Sunday, July 28, 2013

"Actually, I lie..."

I woke up at 1.40am this Sunday morning, don't know why, possibly partner creeping upstairs after coming in from a Beach Boys tribute concert. Whenever one of us is going to be dead late home or getting up, one of us sleeps in the spare bedroom, if there is one free. Partner went with pals but without me because one of our current foster children is not yet able to be babysat. Maybe she is maybe she isn't but in fostering you always minimise risk. 
When I wake up suddenly  that's when I remember the dream.

We're spending a lot of time with therapists recently, they work with the child, but also talk to us. They're helping the child with her life story, so she can get a picture of who she is. It's not healing the child yet, because there's a lot of anger to come out first. But the therapists explain the way the mind works and it makes sense.

It makes us think about our own minds too.

In the dream, I was back in the house I was brought up in as a child, but I was an adult, and my dad, who is 10 years dead, was alive and sitting in his armchair. The foster child was giving us all some ID badges  she'd made, the kind of things you wear round your neck with a length of ribbon, and a plastic card saying "Visitor", when you visit a big building.
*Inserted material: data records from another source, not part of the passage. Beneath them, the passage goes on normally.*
(* There exist a connected continuous-time interconnection $\Gamma=[\gamma_{ij}]\in\mathbb{R}^{p\times p}$ and a map $Q:\mathbb{R}\to\overline{\mathcal Q}_n$ satisfying $$\liminf_{T\to\infty}\frac1T\,\sigma_{\min}\Big(\int_0^TQ_t\,dt\Big)>0$$ such that the solutions $x_i(\cdot)$ of $\dot x_i=Q_t\sum_{j\ne i}\gamma_{ij}(x_j-x_i)$ do not synchronize (for some initial condition).
   Context: $\sigma_{\min}$ smallest singular value; $\overline{\mathcal Q}_n$ the set of symmetric positive semidefinite $n\times n$ matrices with induced 2-norm at most $1$. Continuous-time interconnection: $\gamma_{ij}\ge0$ ($i\ne j$), $\gamma_{ii}=-\sum_{j\ne i}\gamma_{ij}$; graph edge $(n_i,n_j)$ iff $\gamma_{ij}>0$; connected if some node is reachable by a directed path from every other node. Functions $x_i$ synchronize if there is $\bar x$ with $|x_i(t)-\bar x(t)|\to0$ as $t\to\infty$ for all $i$. *)

theory Defs
  imports "HOL-Analysis.Analysis"
begin

text \<open>Vectors in R^n are represented as functions nat => real (only indices < n matter),
  n x n matrices as functions nat => nat => real (only indices < n matter).\<close>

definition vnorm :: "nat \<Rightarrow> (nat \<Rightarrow> real) \<Rightarrow> real" where
  "vnorm n v = sqrt (\<Sum>k<n. (v k)^2)"

definition mvmult :: "nat \<Rightarrow> (nat \<Rightarrow> nat \<Rightarrow> real) \<Rightarrow> (nat \<Rightarrow> real) \<Rightarrow> (nat \<Rightarrow> real)" where
  "mvmult n M v = (\<lambda>k. \<Sum>l<n. M k l * v l)"

definition sigma_min :: "nat \<Rightarrow> (nat \<Rightarrow> nat \<Rightarrow> real) \<Rightarrow> real" where
  "sigma_min n M = Inf {vnorm n (mvmult n M v) | v. vnorm n v = 1}"

definition Qbar :: "nat \<Rightarrow> (nat \<Rightarrow> nat \<Rightarrow> real) set" where
  "Qbar n = {M. (\<forall>k<n. \<forall>l<n. M k l = M l k)
               \<and> (\<forall>v. 0 \<le> (\<Sum>k<n. v k * mvmult n M v k))
               \<and> (\<forall>v. vnorm n (mvmult n M v) \<le> vnorm n v)}"

definition interconnection :: "nat \<Rightarrow> (nat \<Rightarrow> nat \<Rightarrow> real) \<Rightarrow> bool" where
  "interconnection p \<Gamma> \<longleftrightarrow>
     (\<forall>i<p. \<forall>j<p. i \<noteq> j \<longrightarrow> 0 \<le> \<Gamma> i j) \<and>
     (\<forall>i<p. \<Gamma> i i = - (\<Sum>j\<in>{..<p} - {i}. \<Gamma> i j))"

definition edge :: "nat \<Rightarrow> (nat \<Rightarrow> nat \<Rightarrow> real) \<Rightarrow> nat \<Rightarrow> nat \<Rightarrow> bool" where
  "edge p \<Gamma> i j \<longleftrightarrow> i < p \<and> j < p \<and> 0 < \<Gamma> i j"

definition connected_ic :: "nat \<Rightarrow> (nat \<Rightarrow> nat \<Rightarrow> real) \<Rightarrow> bool" where
  "connected_ic p \<Gamma> \<longleftrightarrow> (\<exists>k<p. \<forall>j<p. j \<noteq> k \<longrightarrow> (edge p \<Gamma>)\<^sup>+\<^sup>+ j k)"

definition int_Q :: "(real \<Rightarrow> nat \<Rightarrow> nat \<Rightarrow> real) \<Rightarrow> real \<Rightarrow> nat \<Rightarrow> nat \<Rightarrow> real" where
  "int_Q Q T = (\<lambda>k l. integral {0..T} (\<lambda>t. Q t k l))"

text \<open>x i k t is component k of agent i at time t. Solution (Caratheodory / integral form) on
  [0, infinity) of  x_i' = Q_t sum_{j ~= i} gamma_ij (x_j - x_i).\<close>
definition is_solution ::
  "nat \<Rightarrow> nat \<Rightarrow> (nat \<Rightarrow> nat \<Rightarrow> real) \<Rightarrow> (real \<Rightarrow> nat \<Rightarrow> nat \<Rightarrow> real)
     \<Rightarrow> (nat \<Rightarrow> nat \<Rightarrow> real \<Rightarrow> real) \<Rightarrow> bool" where
  "is_solution p n \<Gamma> Q x \<longleftrightarrow>
     (\<forall>i<p. \<forall>k<n. \<forall>t\<ge>0.
        ((\<lambda>s. \<Sum>l<n. Q s k l * (\<Sum>j\<in>{..<p} - {i}. \<Gamma> i j * (x j l s - x i l s)))
           has_integral (x i k t - x i k 0)) {0..t})"

definition synchronize :: "nat \<Rightarrow> nat \<Rightarrow> (nat \<Rightarrow> nat \<Rightarrow> real \<Rightarrow> real) \<Rightarrow> bool" where
  "synchronize p n x \<longleftrightarrow>
     (\<exists>xbar :: real \<Rightarrow> nat \<Rightarrow> real.
        \<forall>i<p. ((\<lambda>t. vnorm n (\<lambda>k. x i k t - xbar t k)) \<longlongrightarrow> 0) at_top)"

end

theory Submission
  imports Defs
begin

text \<open>
  Two agents suffice: agent 1 has no neighbours and rests at the origin, and agent 0 follows it,
  so that x_0' = - Q_t x_0. In the frame u = (cos \<phi>, sin \<phi>), w = (- sin \<phi>, cos \<phi>) turning
  with angle \<phi> = ln (1 + t) / 4 and speed b = \<phi>' = 1 / (4 (1 + t)), let Q_t have the matrix
  [[4 b^2, -b], [-b, 1/2]]. Then - Q (r u) = - 4 b^2 r u + b r w = (r u)' as soon as
  r' = - 4 b^2 r, so x_0 = r u with r = exp (- t / (4 (1 + t))) \<ge> exp (-1/4) spirals around
  agent 1 without ever reaching it.

  Yet v^T Q_t v \<ge> (w \<bullet> v)^2 / 4, and (w \<bullet> v)^2 = (1 - cos (2 (\<phi> - \<theta>))) / 2 for the unit
  vector v at angle \<theta>. Although \<phi> grows only logarithmically, the integral of the cosine term
  over [0, T] stays below (2 / sqrt 5) (1 + T) < (9/10) (1 + T) in absolute value, so every
  quadratic form of the integral of Q over [0, T] grows like T / 80.
\<close>

section \<open>Norms, smallest singular values and synchronization\<close>

lemma vnorm_eq_L2_set: "vnorm n v = L2_set v {..<n}"
  by (simp add: vnorm_def L2_set_def)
In the dream, she had clearly painstakingly made the necklaces out of those pop-together little toy beads you used to get, but don't see anymore. She was helping my dad put his over his head. I was just about to look at what she'd written on mine, and try to sneak a peek at the one she'd made for herself, when I woke up. I never saw what she'd written, but somehow knew that the cards gave us all the same status.
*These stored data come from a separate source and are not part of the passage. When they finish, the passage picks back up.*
text \<open>By monotonicity of the ratios, the translated cell density lies below \<kappa> times the
  original one to the right of m and above it to the left; as both have centre m they coincide.\<close>
lemma cell_density_ratio_AE:
  fixes L R L' R' :: ereal and m e :: real
  defines "D \<equiv> density_on {y. L \<le> ereal y \<and> ereal y < R}" and "D' \<equiv> density_on {y. L' \<le> ereal y \<and> ereal y < R'}"
  assumes m: "a < ereal m" "ereal (m + e) < b" and e: "0 \<le> e"
    and inside: "L < ereal m" "ereal m < R" "ereal (m + e) < R'"
    and LL: "L' \<le> L + ereal e" and RR: "R' \<le> R + ereal e"
    and c1: "is_centre D m" and c2: "is_centre D' (m + e)"
  shows "AE y in lborel. D' (y + e) = (\<Psi> (m + e) / \<Psi> m) * D y"
proof -
  have "ereal m \<le> ereal (m + e)" using e by simp
  then have Pm: "\<Psi> m > 0" using Psi_pos m by (meson le_less_trans)
  define \<kappa> where "\<kappa> = \<Psi> (m + e) / \<Psi> m"
  have k0: "\<kappa> \<ge> 0" unfolding \<kappa>_def using Pm Psi_nonneg by simp
  have MD: "moment_density D" unfolding D_def by (rule moment_density_on) measurable
  have MD': "moment_density (\<lambda>y. D' (y + e))"
    unfolding D'_def by (rule moment_density_shift, rule moment_density_on) measurable
  have c2': "is_centre (\<lambda>y. D' (y + e)) m" using is_centre_shift[OF c2, of e] by simp
  show ?thesis unfolding \<kappa>_def[symmetric]
  proof (rule AE_eq_scaled_if_centres[OF MD MD' k0 c1 c2' order_refl])
    fix y assume y: "y > m"
    show "D' (y + e) \<le> \<kappa> * D y"
    proof (cases "L' \<le> ereal (y + e) \<and> ereal (y + e) < R' \<and> \<Psi> (y + e) > 0")
      case False
      then have "D' (y + e) = 0" unfolding D'_def density_on_def using Psi_nonneg[of "y+e"] by (auto simp: indicator_def)
      then show ?thesis using k0 by (simp add: D_def density_on_nonneg)
    next
      case True
      have "ereal (y + e) < R + ereal e" using True RR by (meson less_le_trans)
      then have "ereal y < R" by (rule ereal_less_shift)
      moreover have "ereal m < ereal y" using y by simp
      then have "L \<le> ereal y" using inside(1) by (meson less_trans less_imp_le)
      ultimately have DD: "D y = \<Psi> y" "D' (y + e) = \<Psi> (y + e)" using True by (auto simp: D_def D'_def density_on_def)
      have "\<Psi> (y + e) * \<Psi> m \<le> \<Psi> (m + e) * \<Psi> y"
        using shift_ratio_mono[OF m(1) _ _ e, of y] y True Psi_pos_iff by auto
      then show ?thesis using DD Pm by (simp add: \<kappa>_def field_simps)
    qed
  next
    fix y assume y: "y < m"
    show "\<kappa> * D y \<le> D' (y + e)"
    proof (cases "L \<le> ereal y \<and> ereal y < R \<and> \<Psi> y > 0")
      case False
      then have "D y = 0" unfolding D_def density_on_def using Psi_nonneg[of y] by (auto simp: indicator_def)
      then show ?thesis by (simp add: D'_def density_on_nonneg)
    next
      case True
      have "L' \<le> ereal (y + e)" using ereal_le_shift[OF LL] True by auto
      moreover have "ereal (y + e) < ereal (m + e)" using y by simp
      then have "ereal (y + e) < R'" using inside(3) by (rule less_trans)
      ultimately have DD: "D y = \<Psi> y" "D' (y + e) = \<Psi> (y + e)" using True by (auto simp: D_def D'_def density_on_def)
      have "\<Psi> (m + e) * \<Psi> y \<le> \<Psi> (y + e) * \<Psi> m"
        using shift_ratio_mono[OF _ _ m(2) e, of y] y True Psi_pos_iff by auto
      then show ?thesis using DD Pm by (simp add: \<kappa>_def field_simps)
    qed
  qed
qed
When I woke up later with the sun in the bedroom, after checking partner was okay and making a cup of tea I found myself wondering about the dream, before its memory faded, as dreams do.

The therapists talk to the child about her nightmares and night terrors, so I've picked up some titbits of how they interpret them.

In the dream I felt proud of the child, for being clever enough to make something like identity cards out of stuff lying around. And chuffed she had made one for my dad, who often used to think he was left out of things.  As always I was curious about what lay behind the child's activity, what its real meaning could be.

It was obvious I had dreamed the activity because I wanted her to feel part of the family, and in my head there was no more powerful image of her being one of us, than for her to be giving out identical official identity cards and putting them round the neck of my dead dad, like a garland.

It was a useful dream.

Not as good as the dreams of one of the Blue Sky team who is a big football fan, and last year dreamed the exact result of several matches, and I know this for a fact because I got the predictions as a ps on the emails that fly between foster carers and the Blue Sky offices.

Actually, I lie, it was the best possible dream, assuming I understand it right.

I understand partner right for sure, and the slightly heavy footed trip to the bathroom I've just heard is French for "Any chance of a cup of tea?"

So I'm off downstairs to brew, and hear a quick report on how wonderful the fake Beach Boys are complete with compulsory "I really wish you'd been there, I missed you....etc etc", followed quickly by my story about the dream, then a very quick whispered chat about whether I tell the child or not. 

Our stairs creak you see, and foster children are all usually very light sleepers.